Please go line by line through the material and copy each one containing the word "then".

• • •

(* For all integers $m\ge1$, $r\ge0$ and $n\ge0$, $$\mathcal E_n(x)=\sum_{k=0}^n\sum_{l=k}^n\binom nl\,\mathcal E_{n-l}\,w_{m,r}(l,k)\,\mathcal D_{m,r}(k,x).$$
   Context: The Euler polynomials are defined by $\sum_{n\ge0}\mathcal E_n(x)\frac{t^n}{n!}=\frac{2e^{xt}}{e^t+1}$ and $\mathcal E_n:=\mathcal E_n(0)$. For integers $m\ge1$, $n,k,r\ge0$: the $r$-Whitney numbers of the first kind $w_{m,r}(n,k)$ are defined by $\sum_{n\ge k}w_{m,r}(n,k)\frac{z^n}{n!}=(1+mz)^{-r/m}\frac{\ln^k(1+mz)}{m^kk!}$; the $r$-Whitney numbers of the second kind $W_{m,r}(n,k)$ by $\sum_{n\ge k}W_{m,r}(n,k)\frac{z^n}{n!}=\frac{e^{rz}}{k!}\left(\frac{e^{mz}-1}{m}\right)^k$; and the $r$-Dowling polynomial is $\mathcal D_{m,r}(n,u):=\sum_{k=0}^nW_{m,r}(n,k)u^k$. *)

theory Defs
  imports "HOL-Computational_Algebra.Formal_Power_Series"
begin

definition euler_poly :: "nat \<Rightarrow> real \<Rightarrow> real" where
  "euler_poly n x = fact n * fps_nth (fps_const 2 * fps_exp x / (fps_exp 1 + 1)) n"

definition euler_num :: "nat \<Rightarrow> real" where
  "euler_num n = euler_poly n 0"

text \<open>r-Whitney numbers of the first kind:
  EGF (1+mz)^(-r/m) ln^k(1+mz) / (m^k k!).\<close>
definition whitney1 :: "nat \<Rightarrow> nat \<Rightarrow> nat \<Rightarrow> nat \<Rightarrow> real" where
  "whitney1 m r n k = fact n *
     fps_nth ((fps_binomial (- real r / real m) oo (fps_const (real m) * fps_X)) *
       (fps_ln 1 oo (fps_const (real m) * fps_X)) ^ k /
       fps_const (real m ^ k * fact k)) n"

definition whitney2 :: "nat \<Rightarrow> nat \<Rightarrow> nat \<Rightarrow> nat \<Rightarrow> real" where
  "whitney2 m r n k = fact n *
     fps_nth (fps_exp (real r) / fps_const (fact k) *
       ((fps_exp (real m) - 1) / fps_const (real m)) ^ k) n"

definition dowling :: "nat \<Rightarrow> nat \<Rightarrow> nat \<Rightarrow> real \<Rightarrow> real" where
  "dowling m r n u = (\<Sum>k=0..n. whitney2 m r n k * u ^ k)"

end

theory Submission
  imports Defs
begin

unbundle fps_syntax

text \<open>
  Write \<open>B\<close> for \<open>(1+mz)^(-r/m)\<close>, \<open>P\<close> for \<open>ln(1+mz)/m\<close> and \<open>Q\<close> for \<open>(e^(mz)-1)/m\<close>, so that
  \<open>P\<close> and \<open>Q\<close> are compositional inverses and \<open>B \<cdot> (e^(rz) \<circ> P) = 1\<close>.  The egf of the Dowling
  polynomials is \<open>H = e^(rz) \<cdot> (e^(xz) \<circ> Q)\<close>, and extracting coefficients from
  \<open>B \<cdot> (H \<circ> P) = e^(xz)\<close> gives the inversion formula
  \<open>\<Sum>\<^sub>k w\<^sub>m\<^sub>,\<^sub>r(l,k) D\<^sub>m\<^sub>,\<^sub>r(k,x) = x^l\<close>.  The theorem then follows from the Appell property
  \<open>E\<^sub>n(x) = \<Sum>\<^sub>l (n choose l) E\<^sub>n\<^sub>-\<^sub>l x^l\<close> of the Euler polynomials.
\<close>

lemma sum_triangle_swap:
  fixes n :: nat
  shows "(\<Sum>k=0..n. \<Sum>l=k..n. f k l) = (\<Sum>l=0..n. \<Sum>k=0..l. f k l :: 'a::comm_monoid_add)"
proof -
  have "(\<Sum>k=0..n. \<Sum>l=k..n. f k l) = (\<Sum>k\<in>{0..n}. \<Sum>l\<in>{l\<in>{0..n}. k \<le> l}. f k l)"
    by (intro sum.cong) auto
  also have "\<dots> = (\<Sum>l\<in>{0..n}. \<Sum>k\<in>{k\<in>{0..n}. k \<le> l}. f k l)"
    by (rule sum.swap_restrict) auto
  also have "\<dots> = (\<Sum>l=0..n. \<Sum>k=0..l. f k l)"
    by (intro sum.cong) auto
  finally show ?thesis .
qed

lemma fps_mult_compose_nth:
  fixes A C P :: "'a::comm_semiring_1 fps"
  assumes "P $ 0 = 0"
  shows "(A * (C oo P)) $ n = (\<Sum>k=0..n. C $ k * (A * P ^ k) $ n)"
proof -
  have power_nth_zero: "(P ^ k) $ j = 0" if "j < k" for j k
    using startsby_zero_power_prefix[OF assms] that by blast
  have "(A * (C oo P)) $ n = (\<Sum>j=0..n. \<Sum>k=0..n-j. A $ j * (C $ k * (P ^ k) $ (n-j)))"
    by (simp add: fps_mult_nth fps_compose_nth sum_distrib_left)
  also have "\<dots> = (\<Sum>j=0..n. \<Sum>k=0..n. A $ j * (C $ k * (P ^ k) $ (n-j)))"
    by (intro sum.cong refl sum.mono_neutral_left) (auto simp: power_nth_zero)
  also have "\<dots> = (\<Sum>k=0..n. C $ k * (A * P ^ k) $ n)"
    by (subst sum.swap) (simp add: fps_mult_nth sum_distrib_left mult.left_commute)
  finally show ?thesis .
qed

lemma fps_exp_compose_ln: "fps_exp c oo fps_ln 1 = fps_binomial (c::'a::field_char_0)"
proof -
  let ?a = "fps_exp c oo fps_ln 1"
  have "fps_deriv ?a = (fps_const c * fps_exp c oo fps_ln 1) * (fps_const 1 * inverse (1 + fps_X))"
    by (simp add: fps_compose_deriv fps_ln_deriv)
  also have "\<dots> = (fps_const c * ?a) / (1 + fps_X)"
    by (simp add: fps_divide_unit flip: fps_const_mult_apply_left)
  finally have "?a = fps_const (?a $ 0) * fps_binomial c"
    using fps_binomial_ODE_unique by blast
  then show ?thesis by simp
qed

lemma fps_exp_minus_one_compose_ln: "(fps_exp (1::'a::field_char_0) - 1) oo fps_ln 1 = fps_X"
  by (subst fps_ln_fps_exp_inv) (simp_all add: fps_inv_fps_exp_compose)

lemma fps_compose_const_mult:
  fixes a b :: "'a::idom fps"
  assumes "b $ 0 = 0"
  shows "a oo (fps_const c * b) = (a oo (fps_const c * fps_X)) oo b"
proof -
  have "fps_const c * b = (fps_const c * fps_X) oo b"
    using assms by (simp flip: fps_const_mult_apply_left)
  then show ?thesis
    using assms by (simp add: fps_compose_assoc)
qed

definition whitney_weight :: "real \<Rightarrow> real \<Rightarrow> real fps" where
  "whitney_weight c r = fps_binomial (- r / c) oo (fps_const c * fps_X)"

definition whitney_log :: "real \<Rightarrow> real fps" where
  "whitney_log c = fps_const (1 / c) * (fps_ln 1 oo (fps_const c * fps_X))"

definition whitney_expm1 :: "real \<Rightarrow> real fps" where
  "whitney_expm1 c = fps_const (1 / c) * (fps_exp c - 1)"

lemma whitney_log_nth_0 [simp]: "whitney_log c $ 0 = 0"
  by (simp add: whitney_log_def)

lemma whitney_expm1_nth_0 [simp]: "whitney_expm1 c $ 0 = 0"
  by (simp add: whitney_expm1_def)

lemma fps_exp_compose_whitney_log:
  "fps_exp a oo whitney_log c = fps_binomial (a / c) oo (fps_const c * fps_X)"
proof -
  have "fps_exp a oo whitney_log c
      = (fps_exp a oo (fps_const (1 / c) * fps_X)) oo (fps_ln 1 oo (fps_const c * fps_X))"
    unfolding whitney_log_def by (rule fps_compose_const_mult) simp
  also have "\<dots> = (fps_exp (a / c) oo fps_ln 1) oo (fps_const c * fps_X)"
    by (simp add: fps_compose_assoc)
  finally show ?thesis
    by (simp add: fps_exp_compose_ln)
qed

lemma whitney_weight_mult_exp_compose_log:
  "whitney_weight c r * (fps_exp r oo whitney_log c) = 1"
proof -
  have "whitney_weight c r * (fps_exp r oo whitney_log c)
      = (fps_binomial (- r / c) * fps_binomial (r / c)) oo (fps_const c * fps_X)"
    by (simp add: whitney_weight_def fps_exp_compose_whitney_log fps_compose_mult_distrib)
  also have "\<dots> = 1"
    by (simp flip: fps_binomial_add_mult)
  finally show ?thesis .
qed

lemma whitney_expm1_compose_log:
  assumes "c \<noteq> 0"
  shows "whitney_expm1 c oo whitney_log c = fps_X"
proof -
  have "(fps_exp c - 1) oo whitney_log c
      = ((fps_exp c - 1) oo (fps_const (1 / c) * fps_X)) oo (fps_ln 1 oo (fps_const c * fps_X))"
    unfolding whitney_log_def by (rule fps_compose_const_mult) simp
  also have "\<dots> = ((fps_exp 1 - 1) oo fps_ln 1) oo (fps_const c * fps_X)"
    using assms by (simp add: fps_compose_sub_distrib fps_compose_assoc)
  finally have "(fps_exp c - 1) oo whitney_log c = fps_const c * fps_X"
    by (simp add: fps_exp_minus_one_compose_ln)
  then show ?thesis
    using assms by (simp add: whitney_expm1_def mult.assoc flip: fps_const_mult_apply_left)
qed

lemma whitney1_eq_coeff:
  assumes "m \<noteq> 0"
  shows "whitney1 m r n k = fact n / fact k * (whitney_weight m r * whitney_log m ^ k) $ n"
proof -
  let ?L = "fps_ln 1 oo (fps_const m * fps_X)"
  have "whitney_weight m r * whitney_log m ^ k
      = fps_const (1 / real m ^ k) * (whitney_weight m r * ?L ^ k)"
    by (simp add: whitney_log_def power_mult_distrib power_one_over mult_ac)
  then have "(whitney_weight m r * whitney_log m ^ k) $ n = (whitney_weight m r * ?L ^ k) $ n / m ^ k"
    by (simp only: fps_mult_left_const_nth) simp
  moreover have "whitney1 m r n k = fact n * (whitney_weight m r * ?L ^ k) $ n / (m ^ k * fact k)"
    by (simp add: whitney1_def whitney_weight_def mult_ac divide_inverse)
  ultimately show ?thesis
    using assms by simp
qed

lemma whitney2_eq_coeff:
  "whitney2 m r n k = fact n / fact k * (fps_exp r * whitney_expm1 m ^ k) $ n"
proof -
  have "fps_exp r / fps_const (fact k) * ((fps_exp m - 1) / fps_const m) ^ k
      = fps_const (1 / fact k) * (fps_exp r * whitney_expm1 m ^ k)"
    by (simp add: whitney_expm1_def mult_ac inverse_eq_divide)
  then show ?thesis
    unfolding whitney2_def by (simp only: fps_mult_left_const_nth) simp
qed

lemma dowling_egf:
  "dowling m r n x = fact n * (fps_exp r * (fps_exp x oo whitney_expm1 m)) $ n"
  by (simp add: dowling_def whitney2_eq_coeff fps_mult_compose_nth sum_distrib_left mult_ac)

lemma whitney_inversion:
  assumes "m \<noteq> 0"
  shows "(\<Sum>k=0..l. whitney1 m r l k * dowling m r k x) = x ^ l"
proof -
  define H where "H = fps_exp r * (fps_exp x oo whitney_expm1 m)"
  have "whitney_weight m r * (H oo whitney_log m)
      = whitney_weight m r * (fps_exp r oo whitney_log m) * (fps_exp x oo fps_X)"
    using assms
    by (simp add: H_def fps_compose_mult_distrib fps_compose_assoc[symmetric]
        whitney_expm1_compose_log mult.assoc)
  then have egf_identity: "whitney_weight m r * (H oo whitney_log m) = fps_exp x"
    by (simp add: whitney_weight_mult_exp_compose_log)
  have "(\<Sum>k=0..l. whitney1 m r l k * dowling m r k x)
      = fact l * (\<Sum>k=0..l. H $ k * (whitney_weight m r * whitney_log m ^ k) $ l)"
    using assms by (simp add: whitney1_eq_coeff dowling_egf H_def sum_distrib_left mult_ac)
  also have "\<dots> = fact l * (whitney_weight m r * (H oo whitney_log m)) $ l"
    by (simp add: fps_mult_compose_nth)
  finally show ?thesis
    by (simp add: egf_identity)
qed

lemma euler_poly_binomial_expansion:
  "euler_poly n x = (\<Sum>l=0..n. real (n choose l) * euler_num (n - l) * x ^ l)"
proof -
  define G :: "real fps" where "G = fps_const 2 * inverse (fps_exp 1 + 1)"
  have euler_poly_eq: "euler_poly j y = fact j * (fps_exp y * G) $ j" for j y
    by (simp add: euler_poly_def G_def fps_divide_unit mult_ac)
  have "(\<Sum>l=0..n. real (n choose l) * euler_num (n - l) * x ^ l)
      = (\<Sum>l=0..n. fact n * (x ^ l / fact l * G $ (n - l)))"
    by (intro sum.cong refl) (auto simp: euler_num_def euler_poly_eq binomial_fact field_simps)
  also have "\<dots> = euler_poly n x"
    by (simp add: euler_poly_eq fps_mult_nth sum_distrib_left)
  finally show ?thesis ..
qed

theorem mainTheorem15:
  fixes m r n :: nat and x :: real
  assumes "m \<ge> 1"
  shows "euler_poly n x =
    (\<Sum>k=0..n. \<Sum>l=k..n. real (n choose l) * euler_num (n - l) * whitney1 m r l k * dowling m r k x)"
proof -
  have "(\<Sum>k=0..n. \<Sum>l=k..n. real (n choose l) * euler_num (n - l) * whitney1 m r l k * dowling m r k x)
      = (\<Sum>l=0..n. \<Sum>k=0..l. real (n choose l) * euler_num (n - l) * whitney1 m r l k * dowling m r k x)"
    by (rule sum_triangle_swap)
  also have "\<dots> = (\<Sum>l=0..n. real (n choose l) * euler_num (n - l) * x ^ l)"
    using assms by (simp add: whitney_inversion mult.assoc flip: sum_distrib_left)
  also have "\<dots> = euler_poly n x"
    by (rule euler_poly_binomial_expansion[symmetric])
  finally show ?thesis ..
qed

end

• • •

### SOLUTION TO THIS PROBLEM
  \<open>\<Sum>\<^sub>k w\<^sub>m\<^sub>,\<^sub>r(l,k) D\<^sub>m\<^sub>,\<^sub>r(k,x) = x^l\<close>.  The theorem then follows from the Appell property
  then show ?thesis by simp
  then show ?thesis
  then show ?thesis
  then have "(whitney_weight m r * whitney_log m ^ k) $ n = (whitney_weight m r * ?L ^ k) $ n / m ^ k"
  then show ?thesis
  then have egf_identity: "whitney_weight m r * (H oo whitney_log m) = fps_exp x"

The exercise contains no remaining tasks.